To do ▸ In the records that follow, the lines from the one containing "x = \<infinity>" to the one containing "(esum (\<lambda>k. enn_powr", inclusive, are to be given again exactly.

Stored data ▸
* * * *

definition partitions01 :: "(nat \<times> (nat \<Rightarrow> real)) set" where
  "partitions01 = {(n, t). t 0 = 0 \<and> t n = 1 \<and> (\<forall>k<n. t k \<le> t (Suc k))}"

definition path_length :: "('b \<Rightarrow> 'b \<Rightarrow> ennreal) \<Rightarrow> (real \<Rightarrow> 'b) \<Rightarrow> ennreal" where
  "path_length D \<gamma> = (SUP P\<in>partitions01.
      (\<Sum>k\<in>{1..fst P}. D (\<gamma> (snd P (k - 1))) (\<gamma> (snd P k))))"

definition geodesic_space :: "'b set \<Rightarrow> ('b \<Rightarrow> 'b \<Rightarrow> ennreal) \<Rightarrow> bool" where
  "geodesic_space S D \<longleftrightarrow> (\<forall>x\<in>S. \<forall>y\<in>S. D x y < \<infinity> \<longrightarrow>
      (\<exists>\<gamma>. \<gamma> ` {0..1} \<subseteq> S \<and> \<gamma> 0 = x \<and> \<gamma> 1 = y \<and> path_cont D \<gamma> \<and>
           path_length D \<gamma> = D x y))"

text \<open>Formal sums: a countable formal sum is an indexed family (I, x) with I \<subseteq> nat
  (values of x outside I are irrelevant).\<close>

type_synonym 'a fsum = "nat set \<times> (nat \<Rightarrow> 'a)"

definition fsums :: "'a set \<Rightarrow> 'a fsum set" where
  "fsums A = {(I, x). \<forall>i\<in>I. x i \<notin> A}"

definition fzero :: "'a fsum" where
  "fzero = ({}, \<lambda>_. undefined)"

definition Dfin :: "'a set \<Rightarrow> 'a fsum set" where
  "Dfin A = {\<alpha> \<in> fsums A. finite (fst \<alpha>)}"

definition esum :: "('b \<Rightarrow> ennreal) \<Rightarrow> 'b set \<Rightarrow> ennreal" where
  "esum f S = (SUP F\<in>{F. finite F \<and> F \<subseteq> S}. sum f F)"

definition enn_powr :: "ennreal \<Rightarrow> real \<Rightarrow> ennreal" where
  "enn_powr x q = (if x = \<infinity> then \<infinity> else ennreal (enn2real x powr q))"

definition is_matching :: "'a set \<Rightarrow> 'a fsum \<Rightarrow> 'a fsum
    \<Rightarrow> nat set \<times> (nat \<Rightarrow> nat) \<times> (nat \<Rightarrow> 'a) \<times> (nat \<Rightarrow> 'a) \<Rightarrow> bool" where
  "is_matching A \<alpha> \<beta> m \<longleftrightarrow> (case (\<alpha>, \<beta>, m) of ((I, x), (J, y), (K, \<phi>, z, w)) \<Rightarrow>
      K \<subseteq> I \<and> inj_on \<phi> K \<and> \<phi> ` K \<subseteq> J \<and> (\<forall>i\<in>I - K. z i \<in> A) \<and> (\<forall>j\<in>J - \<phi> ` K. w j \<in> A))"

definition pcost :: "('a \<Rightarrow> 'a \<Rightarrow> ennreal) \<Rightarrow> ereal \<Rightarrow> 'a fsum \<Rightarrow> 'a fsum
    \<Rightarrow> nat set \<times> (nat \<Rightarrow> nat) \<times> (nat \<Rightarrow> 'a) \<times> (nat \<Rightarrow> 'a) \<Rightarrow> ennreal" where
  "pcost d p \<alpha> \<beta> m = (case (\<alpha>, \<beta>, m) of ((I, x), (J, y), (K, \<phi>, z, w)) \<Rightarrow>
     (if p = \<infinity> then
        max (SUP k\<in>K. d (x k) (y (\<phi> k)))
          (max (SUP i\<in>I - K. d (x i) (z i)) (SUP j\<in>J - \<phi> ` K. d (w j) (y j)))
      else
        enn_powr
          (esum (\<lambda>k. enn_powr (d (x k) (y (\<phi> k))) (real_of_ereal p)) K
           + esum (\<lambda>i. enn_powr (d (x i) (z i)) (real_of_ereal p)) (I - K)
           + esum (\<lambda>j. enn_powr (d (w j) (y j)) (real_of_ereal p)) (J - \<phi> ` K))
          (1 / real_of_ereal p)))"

* * * *

Response ▸
  "enn_powr x q = (if x = \<infinity> then \<infinity> else ennreal (enn2real x powr q))"

definition is_matching :: "'a set \<Rightarrow> 'a fsum \<Rightarrow> 'a fsum
    \<Rightarrow> nat set \<times> (nat \<Rightarrow> nat) \<times> (nat \<Rightarrow> 'a) \<times> (nat \<Rightarrow> 'a) \<Rightarrow> bool" where
  "is_matching A \<alpha> \<beta> m \<longleftrightarrow> (case (\<alpha>, \<beta>, m) of ((I, x), (J, y), (K, \<phi>, z, w)) \<Rightarrow>
      K \<subseteq> I \<and> inj_on \<phi> K \<and> \<phi> ` K \<subseteq> J \<and> (\<forall>i\<in>I - K. z i \<in> A) \<and> (\<forall>j\<in>J - \<phi> ` K. w j \<in> A))"

definition pcost :: "('a \<Rightarrow> 'a \<Rightarrow> ennreal) \<Rightarrow> ereal \<Rightarrow> 'a fsum \<Rightarrow> 'a fsum
    \<Rightarrow> nat set \<times> (nat \<Rightarrow> nat) \<times> (nat \<Rightarrow> 'a) \<times> (nat \<Rightarrow> 'a) \<Rightarrow> ennreal" where
  "pcost d p \<alpha> \<beta> m = (case (\<alpha>, \<beta>, m) of ((I, x), (J, y), (K, \<phi>, z, w)) \<Rightarrow>
     (if p = \<infinity> then
        max (SUP k\<in>K. d (x k) (y (\<phi> k)))
          (max (SUP i\<in>I - K. d (x i) (z i)) (SUP j\<in>J - \<phi> ` K. d (w j) (y j)))
      else
        enn_powr
          (esum (\<lambda>k. enn_powr (d (x k) (y (\<phi> k))) (real_of_ereal p)) K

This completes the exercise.